# I want to learn about pet sheep?



## Newbee (Apr 27, 2010)

Just curiously looking into farm animals. I have chickens and enjoy them... Not planning on any sheep just yet...
Anyway, I know nothing... what are sheep like as pets? How do you care for them? Can you keep just two or three? And how big does a pen need to be (for only a few)?
I probably sound so stupid ._.


----------



## freemotion (Apr 27, 2010)

No reason not to keep just a couple, and you could give a great home to a couple of castrated males who would otherwise be dinner.  My first suggestion is to go to the library, or TSC if you have one nearby, and get a couple of books on sheep.  Also check with sheep owners near you and find out if there is someone who will come and sheer them for a fee....this is necessary even for pet sheep.


----------



## patandchickens (Apr 27, 2010)

I dunno, my own sheep experience is not *much* more than yours , but the two that I got a week and a half ago seem rather stressed by being the only two sheep in the world. In particular I can't seem to persuade them to go out on grass and STAY there; they will eat for a little while, but if I lock them out there, they huddle in a corner all flattened to the ground like they're trying desperately not to be noticed, and breathe very rapidly.

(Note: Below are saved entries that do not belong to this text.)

(* Let $K\ge1$ and let $\mathfrak{L}\subset\mathcal{P}^2_K(X)$ be a $\mathfrak{Q}_L$-clusterable family. Then for every $\Gamma\in\mathcal{M}(\mathfrak{L})$ the Bayes optimal partition is well-defined: there is a unique $\Lambda\in\mathfrak{L}$ with $m(\Lambda)=\Gamma$, and hence a unique Bayes optimal partition $\pi_\Gamma:=\pi_\Lambda$.
   Context: $X$ is a compact metric space and all probability measures are absolutely continuous w.r.t. a base measure $\zeta$. $\mathcal{P}(X)$: regular Borel probability measures with finite $r$-th moments with Hellinger metric $\rho$; $\mathcal{P}^2_s(X)$: probability measures on $\mathcal{P}(X)$ with at most $s$ atoms; $m(\Lambda)=\sum_k\lambda_k\gamma_k$; $\mathcal{M}(\mathfrak{L})=\{m(\Lambda):\Lambda\in\mathfrak{L}\}$. For $\Lambda=\sum_{k=1}^K\lambda_k\delta_{\gamma_k}$ with $f_k$ the density of $\gamma_k$, $c_\Lambda(x)=\arg\max_k\lambda_kf_k(x)$ on $X_0=X\setminus E_0$, $E_0=\bigcup_{i\ne j}\{x:\lambda_if_i(x)=\lambda_jf_j(x)\}$; the Bayes optimal partition $\pi_\Lambda$ of $X_0$ is the partition into classes of the relation $x\sim y\iff c_\Lambda(x)=c_\Lambda(y)$. Fixed base family $\mathfrak{Q}$ with $\mathfrak{Q}_L=\mathfrak{Q}\cap\mathcal{P}^2_L(X)$, $\mathcal{M}(\mathfrak{Q}_L)$ identifiable. $T_L\Gamma$: minimizers of $\rho(Q,\Gamma)$ over $\mathcal{M}(\mathfrak{Q}_L)$ (assumed unique for $\Gamma\in\mathcal{M}(\mathfrak{L})$), with mixing measure $\Omega^*=M_L(T_L\Gamma)=\sum_\ell\omega^*_\ell\delta_{q^*_\ell}$, $M_L(\mathfrak{L})=\{M_L(T_Lm(\Lambda)):\Lambda\in\mathfrak{L}\}$. For $\alpha:[L]\to[K]$: $\bar\omega^*_k(\alpha)=\sum_{\ell\in\alpha^{-1}(k)}\omega^*_\ell$, $Q^*_k(\alpha)=\bar\omega^*_k(\alpha)^{-1}\sum_{\ell\in\alpha^{-1}(k)}\omega^*_\ell q^*_\ell$. $\Lambda$ is $\mathfrak{Q}_L$-regular if the projections exist uniquely for large $L$ and converge to $m(\Lambda)$, and some sequence $\alpha_L:[L]\to[K]$ ($\Lambda$-regular) has $Q^*_k(\alpha_L)\to\gamma_k$, $\bar\omega^*_k(\alpha_L)\to\lambda_k$. $\mathfrak{L}$ is $\mathfrak{Q}_L$-clusterable if all members are regular and there are functions $\chi_L:M_L(\mathfrak{L})\to\{[L]\to[K]\}$ with $\chi_L(M_L(T_Lm(\Lambda)))$ $\Lambda$-regular for every $\Lambda\in\mathfrak{L}$. *)

theory Defs
  imports "HOL-Probability.Probability"
begin

text \<open>Mixing measures (elements of P^2(X)) are represented as pmfs on measures.\<close>

definition base_measure :: "'x::metric_space set \<Rightarrow> 'x measure \<Rightarrow> bool" where
  "base_measure X \<zeta> \<longleftrightarrow> compact X \<and> space \<zeta> = X \<and>
     sets \<zeta> = sets (restrict_space borel X) \<and> sigma_finite_measure \<zeta>"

I get the impression they would be much happier with more sheepy companions, and indeed I have read that the minimum number of sheep to exhibit semi-normal flock type behaviors is five or so. (I have a few more sheep coming this weekend but they will probably be adjacent-but-separate, so we will see what happens). 

I truly have no idea how generally true this is, or whether my two dairy sheep will at some point get more used to their relative loneliness, or how well it might substitute to have other animals in the same pen/paddock (although there are some nutritional difficulties when mixing other animals with sheep). I am just tossing this out there.

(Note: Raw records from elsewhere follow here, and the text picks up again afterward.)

(* If $G$ is a strongly connected prime tournament, then $G$ is triangle-connected.
   Context: A tournament is a finite, non-null, loopless directed graph in which for any two distinct vertices $u,v$ there is exactly one edge with both ends in $\{u,v\}$; write $u\to v$ for the edge from $u$ to $v$. A homogeneous set of $G$ is a set $X\subseteq V(G)$ such that each $v\in V(G)\setminus X$ either has $v\to x$ for all $x\in X$ or $x\to v$ for all $x\in X$; $G$ is prime if every homogeneous set $X$ satisfies $|X|\le1$ or $X=V(G)$. $G$ is strongly connected if for any two vertices $u,v$ there are directed paths from $u$ to $v$ and from $v$ to $u$. Two cyclic triangles (3-vertex directed cycles) in $G$ are adjacent if they share exactly two vertices; two cyclic triangles $C,C'$ are triangle-connected if there is a sequence $C_1,\dots,C_n$ ($n\ge1$) of cyclic triangles with $C_1=C$, $C_n=C'$, and $C_i$ adjacent to $C_{i+1}$ for all $1\le i\le n-1$. A tournament is triangle-connected if it is strongly connected and any two of its cyclic triangles are triangle-connected. *)

theory Defs
  imports Main
begin

definition tournament :: "'a set \<Rightarrow> ('a \<Rightarrow> 'a \<Rightarrow> bool) \<Rightarrow> bool" where
  "tournament V E \<longleftrightarrow> finite V \<and> V \<noteq> {} \<and>
     (\<forall>u v. E u v \<longrightarrow> u \<in> V \<and> v \<in> V) \<and>
     (\<forall>v. \<not> E v v) \<and>
     (\<forall>u\<in>V. \<forall>v\<in>V. u \<noteq> v \<longrightarrow> (E u v \<longleftrightarrow> \<not> E v u))"

definition homogeneous :: "'a set \<Rightarrow> ('a \<Rightarrow> 'a \<Rightarrow> bool) \<Rightarrow> 'a set \<Rightarrow> bool" where
  "homogeneous V E X \<longleftrightarrow> X \<subseteq> V \<and>
     (\<forall>v\<in>V - X. (\<forall>x\<in>X. E v x) \<or> (\<forall>x\<in>X. E x v))"

definition prime_tournament :: "'a set \<Rightarrow> ('a \<Rightarrow> 'a \<Rightarrow> bool) \<Rightarrow> bool" where
  "prime_tournament V E \<longleftrightarrow>
     (\<forall>X. homogeneous V E X \<longrightarrow> card X \<le> 1 \<or> X = V)"

definition strongly_connected :: "'a set \<Rightarrow> ('a \<Rightarrow> 'a \<Rightarrow> bool) \<Rightarrow> bool" where
  "strongly_connected V E \<longleftrightarrow>
     (\<forall>u\<in>V. \<forall>v\<in>V. (\<lambda>x y. x \<in> V \<and> y \<in> V \<and> E x y)\<^sup>*\<^sup>* u v)"

definition cyclic_triangle :: "'a set \<Rightarrow> ('a \<Rightarrow> 'a \<Rightarrow> bool) \<Rightarrow> 'a set \<Rightarrow> bool" where
  "cyclic_triangle V E T \<longleftrightarrow> T \<subseteq> V \<and>
     (\<exists>a b c. T = {a, b, c} \<and> a \<noteq> b \<and> b \<noteq> c \<and> a \<noteq> c \<and> E a b \<and> E b c \<and> E c a)"

definition adjacent_triangles :: "'a set \<Rightarrow> ('a \<Rightarrow> 'a \<Rightarrow> bool) \<Rightarrow> 'a set \<Rightarrow> 'a set \<Rightarrow> bool" where
  "adjacent_triangles V E C C' \<longleftrightarrow>
     cyclic_triangle V E C \<and> cyclic_triangle V E C' \<and> card (C \<inter> C') = 2"

definition triangle_connected_pair :: "'a set \<Rightarrow> ('a \<Rightarrow> 'a \<Rightarrow> bool) \<Rightarrow> 'a set \<Rightarrow> 'a set \<Rightarrow> bool" where
  "triangle_connected_pair V E C C' \<longleftrightarrow>
     cyclic_triangle V E C \<and> cyclic_triangle V E C' \<and> (adjacent_triangles V E)\<^sup>*\<^sup>* C C'"

definition triangle_connected :: "'a set \<Rightarrow> ('a \<Rightarrow> 'a \<Rightarrow> bool) \<Rightarrow> bool" where
  "triangle_connected V E \<longleftrightarrow> strongly_connected V E \<and>
     (\<forall>C C'. cyclic_triangle V E C \<longrightarrow> cyclic_triangle V E C' \<longrightarrow>
        triangle_connected_pair V E C C')"

end

(* For a cyclic triangle T0 and a vertex set D, the vertices of the triangles reachable from T0
   by adjacencies inside D form a homogeneous set, provided every other vertex is uniform on each
   of these triangles: adjacent triangles share a vertex, so the orientation towards them cannot
   change along a path. For vertices of D the proviso is automatic: a vertex v that is not uniform
   on a triangle has an edge p -> q of it with q -> v -> p, and {v, p, q} is an adjacent triangle
   inside D. For D = V primeness therefore puts every vertex on a triangle connected to any given
   one, and it remains to connect two triangles {a, x, y} and {a, b, c} through a common vertex.
   A case analysis on the edges between them either finds a path of at most three adjacencies or
   places one triangle inside the set D of vertices u with y -> u -> x for an edge x -> y of the
   other; the component within this D misses x, so by primeness it must reach a triangle over
   x -> y, and all those triangles are mutually adjacent. *)

theory Submission
  imports Defs
begin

Big farming standards generally call for providing something like 10-15 sq ft per sheep when they are raised in confinement (e.g. if you had them in a pen and hayed them all year). Normally though they are outdoor grazing animals; it is generally said that an acre of really good pasture can support 3-4 ewes and their lambs, during the growing season (of course less-good pasture will support fewer)

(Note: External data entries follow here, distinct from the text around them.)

(* Let $C>0$, $\mathbf{w}^t\in\mathbb{R}^d$, let $\theta_1^t\le\dots\le\theta_{K-1}^t$ be real thresholds, $\mathbf{x}^t\in\mathbb{R}^d$ and integers $1\le y_l^t\le y_r^t\le K$; let $I_t=\{1,\dots,y_l^t-1\}\cup\{y_r^t,\dots,K-1\}$. Let $(\mathbf{w}^{t+1},\boldsymbol\theta^{t+1})$ be the PA-II update, i.e. the $(\mathbf{w},\boldsymbol\theta)$-part of the minimizer over $\mathbf{w}\in\mathbb{R}^d$, $\boldsymbol\theta\in\mathbb{R}^{K-1}$, $(\xi_i)_{i\in I_t}\in\mathbb{R}^{I_t}$ of $$\tfrac12\Vert\mathbf{w}-\mathbf{w}^t\Vert^2+\tfrac12\Vert\boldsymbol\theta-\boldsymbol\theta^t\Vert^2+C\sum_{i\in I_t}\xi_i^2$$ subject to $\mathbf{w}\cdot\mathbf{x}^t-\theta_i\ge 1-\xi_i$ for $i=1,\dots,y_l^t-1$ and $\mathbf{w}\cdot\mathbf{x}^t-\theta_i\le -1+\xi_i$ for $i=y_r^t,\dots,K-1$. Then $\theta_1^{t+1}\le\theta_2^{t+1}\le\dots\le\theta_{K-1}^{t+1}$.
   Context: Online ranking into $K$ ordered classes with interval labels $[y_l^t,y_r^t]$: a ranker is $(\mathbf{w},\boldsymbol\theta)$, $\boldsymbol\theta=(\theta_1,\dots,\theta_{K-1})$, predicting $\min\{i:\mathbf{w}\cdot\mathbf{x}-\theta_i<0\}$ with $\theta_K=\infty$. PA-II is the passive-aggressive variant with squared slack penalty and parameter $C$ that at each trial computes the exact solution of the stated convex program. *)

theory Defs
  imports "HOL-Analysis.Analysis"
begin

text \<open>Thresholds and slacks are functions on nat; only indices 1..K-1 (resp. the
index set I_t) matter.\<close>

definition pa_index_set :: "nat \<Rightarrow> nat \<Rightarrow> nat \<Rightarrow> nat set" where
  "pa_index_set yl yr K = {1..<yl} \<union> {yr..<K}"

definition pa2_feasible ::
  "nat \<Rightarrow> nat \<Rightarrow> nat \<Rightarrow> real^'d \<Rightarrow> real^'d \<Rightarrow> (nat \<Rightarrow> real) \<Rightarrow> (nat \<Rightarrow> real) \<Rightarrow> bool" where
  "pa2_feasible yl yr K x w \<theta> \<xi> \<longleftrightarrow>
     (\<forall>i\<in>{1..<yl}. w \<bullet> x - \<theta> i \<ge> 1 - \<xi> i) \<and>
     (\<forall>i\<in>{yr..<K}. w \<bullet> x - \<theta> i \<le> -1 + \<xi> i)"

definition pa2_objective ::
  "real \<Rightarrow> nat \<Rightarrow> nat \<Rightarrow> nat \<Rightarrow> real^'d \<Rightarrow> (nat \<Rightarrow> real)
   \<Rightarrow> real^'d \<Rightarrow> (nat \<Rightarrow> real) \<Rightarrow> (nat \<Rightarrow> real) \<Rightarrow> real" where
  "pa2_objective C yl yr K wt \<theta>t w \<theta> \<xi> =
     (1/2) * (norm (w - wt))^2 + (1/2) * (\<Sum>i\<in>{1..<K}. (\<theta> i - \<theta>t i)^2)
     + C * (\<Sum>i\<in>pa_index_set yl yr K. (\<xi> i)^2)"

definition pa2_minimizer ::
  "real \<Rightarrow> nat \<Rightarrow> nat \<Rightarrow> nat \<Rightarrow> real^'d \<Rightarrow> real^'d \<Rightarrow> (nat \<Rightarrow> real)
   \<Rightarrow> real^'d \<Rightarrow> (nat \<Rightarrow> real) \<Rightarrow> (nat \<Rightarrow> real) \<Rightarrow> bool" where
  "pa2_minimizer C yl yr K x wt \<theta>t w \<theta> \<xi> \<longleftrightarrow>
     pa2_feasible yl yr K x w \<theta> \<xi> \<and>
     (\<forall>w' \<theta>' \<xi>'. pa2_feasible yl yr K x w' \<theta>' \<xi>' \<longrightarrow>
        pa2_objective C yl yr K wt \<theta>t w \<theta> \<xi> \<le> pa2_objective C yl yr K wt \<theta>t w' \<theta>' \<xi>')"

end

theory Submission
  imports Defs
begin

text \<open>If the PA-II solution had \<open>\<theta> i > \<theta> j\<close> for some \<open>i < j\<close>, replace both thresholds by
their mean (and, when \<open>i\<close> and \<open>j\<close> carry the same kind of constraint, also both slacks).
Constraints on the same side are linear, so they survive averaging; for constraints on
opposite sides, lowering \<open>\<theta> i\<close> and raising \<open>\<theta> j\<close> only helps. The slack penalty does not
grow, and since the old thresholds are ordered, the threshold term strictly decreases by
at least \<open>(\<theta> i - \<theta> j)\<^sup>2 / 2\<close>, contradicting minimality.\<close>

definition average_pair :: "'a \<Rightarrow> 'a \<Rightarrow> ('a \<Rightarrow> real) \<Rightarrow> 'a \<Rightarrow> real" where
  "average_pair i j f = f(i := (f i + f j) / 2, j := (f i + f j) / 2)"

lemma average_pair_simps [simp]:
  "average_pair i j f i = (f i + f j) / 2"
  "average_pair i j f j = (f i + f j) / 2"
  "k \<noteq> i \<Longrightarrow> k \<noteq> j \<Longrightarrow> average_pair i j f k = f k"
  by (simp_all add: average_pair_def)

lemma average_pair_at_pair:
  "k = i \<or> k = j \<Longrightarrow> average_pair i j f k = (f i + f j) / 2"
  by auto

lemma sum_diff_eq_off_pair:
  fixes f g :: "'a \<Rightarrow> 'b::ab_group_add"
  assumes "finite A" "i \<in> A" "j \<in> A" "i \<noteq> j"
    and "\<And>k. k \<in> A \<Longrightarrow> k \<noteq> i \<Longrightarrow> k \<noteq> j \<Longrightarrow> f k = g k"
  shows "sum f A - sum g A = (f i - g i) + (f j - g j)"
proof -
  have "sum f A - sum g A = (\<Sum>k\<in>A. f k - g k)"
    by (simp add: sum_subtractf)
  also have "\<dots> = (\<Sum>k\<in>{i, j}. f k - g k)"
    using assms by (intro sum.mono_neutral_right) auto
  finally show ?thesis
    using \<open>i \<noteq> j\<close> by simp
qed

lemma sum_sq_dist_average_pair:
  fixes f t :: "'a \<Rightarrow> real"
  assumes "finite A" "i \<in> A" "j \<in> A" "i \<noteq> j"
  shows "(\<Sum>k\<in>A. (f k - t k)\<^sup>2) - (\<Sum>k\<in>A. (average_pair i j f k - t k)\<^sup>2)
           = (f i - f j) * (t j - t i) + (f i - f j)\<^sup>2 / 2"
  using sum_diff_eq_off_pair[OF assms, of "\<lambda>k. (f k - t k)\<^sup>2" "\<lambda>k. (average_pair i j f k - t k)\<^sup>2"]
    \<open>i \<noteq> j\<close>
  by (simp add: power2_eq_square field_simps)

lemma sum_sq_dist_average_pair_less:
  fixes f t :: "'a \<Rightarrow> real"
  assumes "finite A" "i \<in> A" "j \<in> A" "t i \<le> t j" "f j < f i"
  shows "(\<Sum>k\<in>A. (average_pair i j f k - t k)\<^sup>2) < (\<Sum>k\<in>A. (f k - t k)\<^sup>2)"
proof -
  have "i \<noteq> j"
    using assms(5) by auto
  moreover have "0 \<le> (f i - f j) * (t j - t i)" "0 < (f i - f j)\<^sup>2 / 2"
    using assms(4,5) by simp_all
  ultimately show ?thesis
    using sum_sq_dist_average_pair[OF assms(1-3), of f t] by linarith
qed

lemma sum_sq_average_pair_le:
  fixes f :: "'a \<Rightarrow> real"
  assumes "finite A" "i \<in> A \<longleftrightarrow> j \<in> A" "i \<noteq> j"
  shows "(\<Sum>k\<in>A. (average_pair i j f k)\<^sup>2) \<le> (\<Sum>k\<in>A. (f k)\<^sup>2)"
proof (cases "i \<in> A")
  case True
  then have "j \<in> A"
    using assms(2) by simp
  from sum_sq_dist_average_pair[OF assms(1) True this assms(3), of f "\<lambda>_. 0"]
  have "(\<Sum>k\<in>A. (f k)\<^sup>2) - (\<Sum>k\<in>A. (average_pair i j f k)\<^sup>2) = (f i - f j)\<^sup>2 / 2"
    by simp
  moreover have "0 \<le> (f i - f j)\<^sup>2 / 2"
    by simp
  ultimately show ?thesis
    by linarith
next
  case False
  then have "(\<Sum>k\<in>A. (average_pair i j f k)\<^sup>2) = (\<Sum>k\<in>A. (f k)\<^sup>2)"
    using assms by (intro sum.cong) (auto simp: average_pair_def)
  then show ?thesis
    by simp
qed

lemma pa2_feasible_average_pair_same_side:
  assumes feas: "pa2_feasible yl yr K x w \<theta> \<xi>"
    and lower: "i \<in> {1..<yl} \<longleftrightarrow> j \<in> {1..<yl}"
    and upper: "i \<in> {yr..<K} \<longleftrightarrow> j \<in> {yr..<K}"
  shows "pa2_feasible yl yr K x w (average_pair i j \<theta>) (average_pair i j \<xi>)"
  unfolding pa2_feasible_def
proof (intro conjI ballI)
  fix k
  assume k: "k \<in> {1..<yl}"
  show "w \<bullet> x - average_pair i j \<theta> k \<ge> 1 - average_pair i j \<xi> k"
  proof (cases "k = i \<or> k = j")
    case True
    then have "i \<in> {1..<yl}" "j \<in> {1..<yl}"
      using k lower by auto
    then have "w \<bullet> x - \<theta> i \<ge> 1 - \<xi> i" "w \<bullet> x - \<theta> j \<ge> 1 - \<xi> j"
      using feas by (auto simp: pa2_feasible_def)
    then show ?thesis
      using True by (simp add: average_pair_at_pair field_simps)
  next
    case False
    then show ?thesis
      using feas k by (simp add: pa2_feasible_def)
  qed
next
  fix k
  assume k: "k \<in> {yr..<K}"
  show "w \<bullet> x - average_pair i j \<theta> k \<le> -1 + average_pair i j \<xi> k"
  proof (cases "k = i \<or> k = j")
    case True
    then have "i \<in> {yr..<K}" "j \<in> {yr..<K}"
      using k upper by auto
    then have "w \<bullet> x - \<theta> i \<le> -1 + \<xi> i" "w \<bullet> x - \<theta> j \<le> -1 + \<xi> j"
      using feas by (auto simp: pa2_feasible_def)
    then show ?thesis
      using True by (simp add: average_pair_at_pair field_simps)
  next
    case False
    then show ?thesis
      using feas k by (simp add: pa2_feasible_def)
  qed
qed

lemma pa2_feasible_average_pair_opposite_sides:
  assumes feas: "pa2_feasible yl yr K x w \<theta> \<xi>" and inverted: "\<theta> j < \<theta> i"
    and "i \<notin> {yr..<K}" and "j \<notin> {1..<yl}"
  shows "pa2_feasible yl yr K x w (average_pair i j \<theta>) \<xi>"
  unfolding pa2_feasible_def
proof (intro conjI ballI)
  fix k
  assume k: "k \<in> {1..<yl}"
  then have "k \<noteq> j"
    using assms(4) by auto
  then have "average_pair i j \<theta> k \<le> \<theta> k"
    using inverted by (cases "k = i") simp_all
  moreover have "w \<bullet> x - \<theta> k \<ge> 1 - \<xi> k"
    using feas k by (simp add: pa2_feasible_def)
  ultimately show "w \<bullet> x - average_pair i j \<theta> k \<ge> 1 - \<xi> k"
    by linarith
next
  fix k
  assume k: "k \<in> {yr..<K}"
  then have "k \<noteq> i"
    using assms(3) by auto
  then have "\<theta> k \<le> average_pair i j \<theta> k"
    using inverted by (cases "k = j") simp_all
  moreover have "w \<bullet> x - \<theta> k \<le> -1 + \<xi> k"
    using feas k by (simp add: pa2_feasible_def)
  ultimately show "w \<bullet> x - average_pair i j \<theta> k \<le> -1 + \<xi> k"
    by linarith
qed

lemma pa2_feasible_average_inverted_pair:
  assumes feas: "pa2_feasible yl yr K x w \<theta> \<xi>"
    and "yl \<le> yr" "1 \<le> i" "i < j" "j < K" and inverted: "\<theta> j < \<theta> i"
  obtains \<xi>' where "pa2_feasible yl yr K x w (average_pair i j \<theta>) \<xi>'"
    and "(\<Sum>k\<in>pa_index_set yl yr K. (\<xi>' k)\<^sup>2) \<le> (\<Sum>k\<in>pa_index_set yl yr K. (\<xi> k)\<^sup>2)"
proof (cases "i \<in> {yr..<K} \<or> j \<in> {1..<yl}")
  case True
  then have lower: "i \<in> {1..<yl} \<longleftrightarrow> j \<in> {1..<yl}"
    and upper: "i \<in> {yr..<K} \<longleftrightarrow> j \<in> {yr..<K}"
    using assms(2-5) by auto
  then have "i \<in> pa_index_set yl yr K \<longleftrightarrow> j \<in> pa_index_set yl yr K"
    by (auto simp: pa_index_set_def)
  then show ?thesis
    using that pa2_feasible_average_pair_same_side[OF feas lower upper]
      sum_sq_average_pair_le[of "pa_index_set yl yr K" i j \<xi>] \<open>i < j\<close>
    by (simp add: pa_index_set_def)
next
  case False
  then show ?thesis
    using that pa2_feasible_average_pair_opposite_sides[OF feas inverted] by blast
qed

theorem theorem3:
  fixes C :: real and K yl yr :: nat
    and x wt w :: "real^'d" and \<theta>t \<theta> \<xi> :: "nat \<Rightarrow> real"
  assumes "C > 0"
    and "\<And>i j. 1 \<le> i \<Longrightarrow> i \<le> j \<Longrightarrow> j < K \<Longrightarrow> \<theta>t i \<le> \<theta>t j"
    and "1 \<le> yl" and "yl \<le> yr" and "yr \<le> K"
    and "pa2_minimizer C yl yr K x wt \<theta>t w \<theta> \<xi>"
  shows "\<forall>i j. 1 \<le> i \<longrightarrow> i \<le> j \<longrightarrow> j < K \<longrightarrow> \<theta> i \<le> \<theta> j"
proof (rule ccontr)
  assume "\<not> ?thesis"
  then obtain i j where ij: "1 \<le> i" "i \<le> j" "j < K" and inverted: "\<theta> j < \<theta> i"
    by (auto simp: not_le)
  then have "i < j"
    using order_le_less by auto
  have feas: "pa2_feasible yl yr K x w \<theta> \<xi>"
    using assms(6) by (simp add: pa2_minimizer_def)
  obtain \<xi>' where feas': "pa2_feasible yl yr K x w (average_pair i j \<theta>) \<xi>'"
    and slacks: "(\<Sum>k\<in>pa_index_set yl yr K. (\<xi>' k)\<^sup>2) \<le> (\<Sum>k\<in>pa_index_set yl yr K. (\<xi> k)\<^sup>2)"
    using pa2_feasible_average_inverted_pair[OF feas assms(4) ij(1) \<open>i < j\<close> ij(3) inverted] .
  have "(\<Sum>k\<in>{1..<K}. (average_pair i j \<theta> k - \<theta>t k)\<^sup>2) < (\<Sum>k\<in>{1..<K}. (\<theta> k - \<theta>t k)\<^sup>2)"
    using ij assms(2)[OF ij] inverted by (intro sum_sq_dist_average_pair_less) auto
  moreover have "C * (\<Sum>k\<in>pa_index_set yl yr K. (\<xi>' k)\<^sup>2) \<le> C * (\<Sum>k\<in>pa_index_set yl yr K. (\<xi> k)\<^sup>2)"
    using slacks assms(1) by simp
  ultimately have "pa2_objective C yl yr K wt \<theta>t w (average_pair i j \<theta>) \<xi>'
                     < pa2_objective C yl yr K wt \<theta>t w \<theta> \<xi>"
    unfolding pa2_objective_def by linarith
  with feas' assms(6) show False
    unfolding pa2_minimizer_def by (meson not_le)
qed

end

I would say that, as pets, they seem a lot more like chickens than they do like (say) goats or horses. But they do have very cute sniffy little noses 

JM(very limited)E,

Pat


----------



## jessica117 (Apr 27, 2010)

We were successful with 4 (3 ewes and a wether, we started out with just 2 ewes and they were fine together) and they were perfectly happy on about an acre.  If you get them as lambs (that have been handled since birth) and handle them every day they will grow into friendly petable sheep.  The only time they will want less to do with you is if they think you are trying to catch one of them.  I had a small "containment" area (about 10' x 10' with a door) that I would coax all of them into it with a handfull of whole kernel corn and catch them one by one for shearing, hoof trimming and such.  

Some breeds, just like chickens, are more friendly than others.  This is where a sheep book will come in handy.  We had shetlands and tunis.  The tunis were more friendly but I think it was more the way they were raised.  The tunis we had from lambs up, the shetlands we kind of inherited at 4 years or so and they weren't handled as much before we got them but I still wouldn't consider them unfriendly by and stretch of the imagination.  

Here is a pic of my son when he was 3  to give you an idea of how docile sheep can be.   I never worried about my kids out in the pasture with the sheep.







Hope this helps


----------